My insides twist at the sight of their innocent faces. The youngest among them was a six-week-old baby. Flashes of my own tragedy blur my focus.

“He’s coming around the corner of Lavery Avenue and Kingston Street,” comes through my earpiece, jolting me from the feeling of loss threatening to take control.

I tap my comms in two consecutive beats. Ready.

A tall, conventionally attractive middle-aged man in a navy, pinstriped suit rounds the corner with a brunette-haired woman sluggishly in tow.

What a waste of a pretty face.

My own bias still paints this slimy loser into an image that matches his bootlickin’ soul.

Tap-tap-tap—target in sight.

Tap-tap… tap—he’s not alone. The slower cadence—a signal of how many people are in the mix.

Zooming in, I focus on the girl, and I do mean girl. She can’t be more than sixteen.

More people appear—too many more. And what was supposed to be a quick mission suddenly goes up in smoke.

“Abort.” The directive I expected rings in my ears.
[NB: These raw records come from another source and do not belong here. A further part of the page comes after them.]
(* Let $\varphi:(\alpha,\beta)\to\mathbb{R}^n$ with $-\infty\le\alpha<0<\beta\le\infty$. Then $\varphi$ is the coordinate projection of a solution of a Noetherian initial value problem if and only if $\varphi$ is the coordinate projection of a solution of a polynomial initial value problem.
   Context: A Noetherian chain is a sequence of real analytic functions $h_1,\dots,h_r:H\to\mathbb{R}$ on an open connected set $H\subseteq\mathbb{R}^k$ such that for all $i\le k$, $j\le r$ there is a polynomial $q_{ij}\in\mathbb{R}[y_1,\dots,y_k,z_1,\dots,z_r]$ with $\frac{\partial h_j}{\partial y_i}(y)=q_{ij}(y,h_1(y),\dots,h_r(y))$ on $H$. A function $h:H\to\mathbb{R}$ is Noetherian if $h(y)=p(y,h_1(y),\dots,h_r(y))$ for some polynomial $p$ with real coefficients and some Noetherian chain $h_1,\dots,h_r$ on $H$. An initial value problem (IVP) of dimension $m$ is given by a map $F:D\to\mathbb{R}^m$ on an open connected domain $D\subseteq\mathbb{R}^m$ and an initial value $X_0\in D$; it is Noetherian if every component of $F$ is a Noetherian function on $D$, and polynomial if $D=\mathbb{R}^m$ and every component of $F$ is a polynomial. A solution on $(\alpha,\beta)$ is a differentiable $\psi:(\alpha,\beta)\to D$ with $\psi(0)=X_0$ and $\psi'(t)=F(\psi(t))$ for all $t$. We say $\varphi:(\alpha,\beta)\to\mathbb{R}^n$ is the coordinate projection of a solution of an IVP of dimension $m\ge n$ if there is a solution $\psi$ on $(\alpha,\beta)$ of that IVP whose first $n$ coordinates equal $\varphi$. *)

theory Defs
  imports "HOL-Analysis.Analysis"
begin

text \<open>Points of R^m are represented as functions nat => real vanishing from index m on.
  The topology on nat => real is the product topology, whose restriction to this slice
  is the Euclidean topology of R^m.\<close>

definition slice :: "nat \<Rightarrow> (nat \<Rightarrow> real) set" where
  "slice m = {x. \<forall>i\<ge>m. x i = 0}"

definition open_conn :: "nat \<Rightarrow> (nat \<Rightarrow> real) set \<Rightarrow> bool" where
  "open_conn m D \<longleftrightarrow> D \<subseteq> slice m \<and> openin (top_of_set (slice m)) D \<and> connected D"

inductive poly_fun :: "nat \<Rightarrow> ((nat \<Rightarrow> real) \<Rightarrow> real) \<Rightarrow> bool" for N where
  pconst: "poly_fun N (\<lambda>x. c)"
| pvar: "i < N \<Longrightarrow> poly_fun N (\<lambda>x. x i)"
| padd: "poly_fun N p \<Longrightarrow> poly_fun N q \<Longrightarrow> poly_fun N (\<lambda>x. p x + q x)"
| pmult: "poly_fun N p \<Longrightarrow> poly_fun N q \<Longrightarrow> poly_fun N (\<lambda>x. p x * q x)"

definition real_analytic_dim :: "nat \<Rightarrow> ((nat \<Rightarrow> real) \<Rightarrow> real) \<Rightarrow> (nat \<Rightarrow> real) set \<Rightarrow> bool" where
  "real_analytic_dim k h H \<longleftrightarrow>
     (\<forall>y\<in>H. \<exists>e>0. \<exists>a :: (nat \<Rightarrow> nat) \<Rightarrow> real.
        \<forall>x\<in>H. (\<Sum>i<k. (x i - y i)^2) < e^2 \<longrightarrow>
          ((\<lambda>\<alpha>. a \<alpha> * (\<Prod>i<k. (x i - y i) ^ \<alpha> i)) has_sum h x) {\<alpha>. \<forall>i\<ge>k. \<alpha> i = 0})"

definition ext :: "nat \<Rightarrow> nat \<Rightarrow> (nat \<Rightarrow> (nat \<Rightarrow> real) \<Rightarrow> real) \<Rightarrow> (nat \<Rightarrow> real) \<Rightarrow> (nat \<Rightarrow> real)" where
  "ext k r hs y = (\<lambda>i. if i < k then y i else if i < k + r then hs (i - k) y else 0)"

definition noetherian_chain :: "nat \<Rightarrow> (nat \<Rightarrow> real) set \<Rightarrow> nat \<Rightarrow> (nat \<Rightarrow> (nat \<Rightarrow> real) \<Rightarrow> real) \<Rightarrow> bool" where
  "noetherian_chain k H r hs \<longleftrightarrow> open_conn k H \<and>
     (\<forall>j<r. real_analytic_dim k (hs j) H) \<and>
     (\<forall>i<k. \<forall>j<r. \<exists>q. poly_fun (k + r) q \<and>
        (\<forall>y\<in>H. ((\<lambda>s. hs j (y(i := s))) has_real_derivative q (ext k r hs y)) (at (y i))))"

definition noetherian_fun :: "nat \<Rightarrow> (nat \<Rightarrow> real) set \<Rightarrow> ((nat \<Rightarrow> real) \<Rightarrow> real) \<Rightarrow> bool" where
  "noetherian_fun k H h \<longleftrightarrow> (\<exists>r hs p. noetherian_chain k H r hs \<and> poly_fun (k + r) p \<and>
     (\<forall>y\<in>H. h y = p (ext k r hs y)))"

definition noetherian_ivp :: "nat \<Rightarrow> (nat \<Rightarrow> real) set \<Rightarrow> (nat \<Rightarrow> (nat \<Rightarrow> real) \<Rightarrow> real) \<Rightarrow> (nat \<Rightarrow> real) \<Rightarrow> bool" where
  "noetherian_ivp m D F X0 \<longleftrightarrow> open_conn m D \<and> X0 \<in> D \<and> (\<forall>i<m. noetherian_fun m D (F i))"

definition polynomial_ivp :: "nat \<Rightarrow> (nat \<Rightarrow> real) set \<Rightarrow> (nat \<Rightarrow> (nat \<Rightarrow> real) \<Rightarrow> real) \<Rightarrow> (nat \<Rightarrow> real) \<Rightarrow> bool" where
  "polynomial_ivp m D F X0 \<longleftrightarrow> D = slice m \<and> X0 \<in> D \<and> (\<forall>i<m. poly_fun m (F i))"

definition ointerval :: "ereal \<Rightarrow> ereal \<Rightarrow> real set" where
  "ointerval a b = {t. a < ereal t \<and> ereal t < b}"

definition is_solution :: "nat \<Rightarrow> (nat \<Rightarrow> real) set \<Rightarrow> (nat \<Rightarrow> (nat \<Rightarrow> real) \<Rightarrow> real) \<Rightarrow> (nat \<Rightarrow> real)
    \<Rightarrow> ereal \<Rightarrow> ereal \<Rightarrow> (real \<Rightarrow> nat \<Rightarrow> real) \<Rightarrow> bool" where
  "is_solution m D F X0 a b \<psi> \<longleftrightarrow> \<psi> 0 = X0 \<and>
     (\<forall>t\<in>ointerval a b. \<psi> t \<in> D \<and>
        (\<forall>i<m. ((\<lambda>s. \<psi> s i) has_real_derivative F i (\<psi> t)) (at t)))"

definition proj_of_noetherian_ivp :: "nat \<Rightarrow> ereal \<Rightarrow> ereal \<Rightarrow> (real \<Rightarrow> nat \<Rightarrow> real) \<Rightarrow> bool" where
  "proj_of_noetherian_ivp n a b \<phi> \<longleftrightarrow> (\<exists>m D F X0 \<psi>. n \<le> m \<and> noetherian_ivp m D F X0 \<and>
     is_solution m D F X0 a b \<psi> \<and> (\<forall>t\<in>ointerval a b. \<forall>i<n. \<psi> t i = \<phi> t i))"

definition proj_of_polynomial_ivp :: "nat \<Rightarrow> ereal \<Rightarrow> ereal \<Rightarrow> (real \<Rightarrow> nat \<Rightarrow> real) \<Rightarrow> bool" where
  "proj_of_polynomial_ivp n a b \<phi> \<longleftrightarrow> (\<exists>m D F X0 \<psi>. n \<le> m \<and> polynomial_ivp m D F X0 \<and>
     is_solution m D F X0 a b \<psi> \<and> (\<forall>t\<in>ointerval a b. \<forall>i<n. \<psi> t i = \<phi> t i))"

end

theory Submission
  imports Defs
begin

text \<open>A polynomial IVP is Noetherian with the empty chain. Conversely, merge the chains of
  the components F_i = p_i(y, h(y)) into a single chain h_1, ..., h_r and adjoin the coordinates
  h_j(\<psi>(t)) to the solution \<psi>. By the chain rule their derivatives are
  \<Sum>_i q_ij(\<psi>, h(\<psi>)) p_i(\<psi>, h(\<psi>)), polynomial in the enlarged state, so the enlarged curve
  solves a polynomial IVP. The chain rule only needs continuous partial derivatives; these are
  polynomials in the coordinates and in the analytic, hence continuous, functions h_j.\<close>

lemma poly_fun_cong: "poly_fun N p \<Longrightarrow> (\<And>i. i < N \<Longrightarrow> x i = x' i) \<Longrightarrow> p x = p x'"
  by (induction rule: poly_fun.induct) auto

lemma poly_fun_compose:
  "poly_fun N p \<Longrightarrow> (\<And>i. i < N \<Longrightarrow> poly_fun N' (\<lambda>z. \<sigma> z i)) \<Longrightarrow> poly_fun N' (\<lambda>z. p (\<sigma> z))"
  by (induction rule: poly_fun.induct) (auto intro: poly_fun.intros)

lemma poly_fun_mono: "poly_fun N p \<Longrightarrow> N \<le> N' \<Longrightarrow> poly_fun N' p"
  using poly_fun_compose[of N p N' "\<lambda>z. z"] by (simp add: poly_fun.pvar)

lemma poly_fun_sum:
  "finite A \<Longrightarrow> (\<And>a. a \<in> A \<Longrightarrow> poly_fun N (f a)) \<Longrightarrow> poly_fun N (\<lambda>z. \<Sum>a\<in>A. f a z)"
  by (induction rule: finite_induct) (auto intro: poly_fun.intros)

lemma continuous_on_poly_fun: "poly_fun N p \<Longrightarrow> continuous_on S p"
  by (induction rule: poly_fun.induct)
    (auto intro!: continuous_intros continuous_on_subset[OF continuous_on_product_coordinates])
I feel like I’m moving at warp speed as I’m disassembling my rifle. Everything carefully returned to its rightful place.

“Team three is on standby. Move your ass, Lyssa,” Raven instructs— her voice cool and calm, but stern. This mission is a bust, and the backup team is already being deployed.

Dressed, I place the contents in my go bag, zip it shut, and then send it down the ventilation shaft. It’ll be picked up by the time I make it to my bike.

I internally groan, remembering I came in on my bike. It’s not that I can’t ride with heels and a dress—it’s that I don’t want to.

Huffing, I make peace with my current predicament, pressing the elevator to the basement level. No one gets on the entire billion levels I ride down. Grateful not to have to mask and smile.

My reprieve is short-lived when I stop at the spot my bike is supposed to be.

“What the fuck, Raven? Where’s my bike?” My jaw tightens to the point of pain. There are very few things in this life that I deem as mine and mine alone—my bat, Guilie, the death of my Mikah, and his fuckboy, incel friends, and my god damn bikes.

She doesn’t bother to tell me to calm down. “You’re being picked up. We had to move your bike when plans changed.”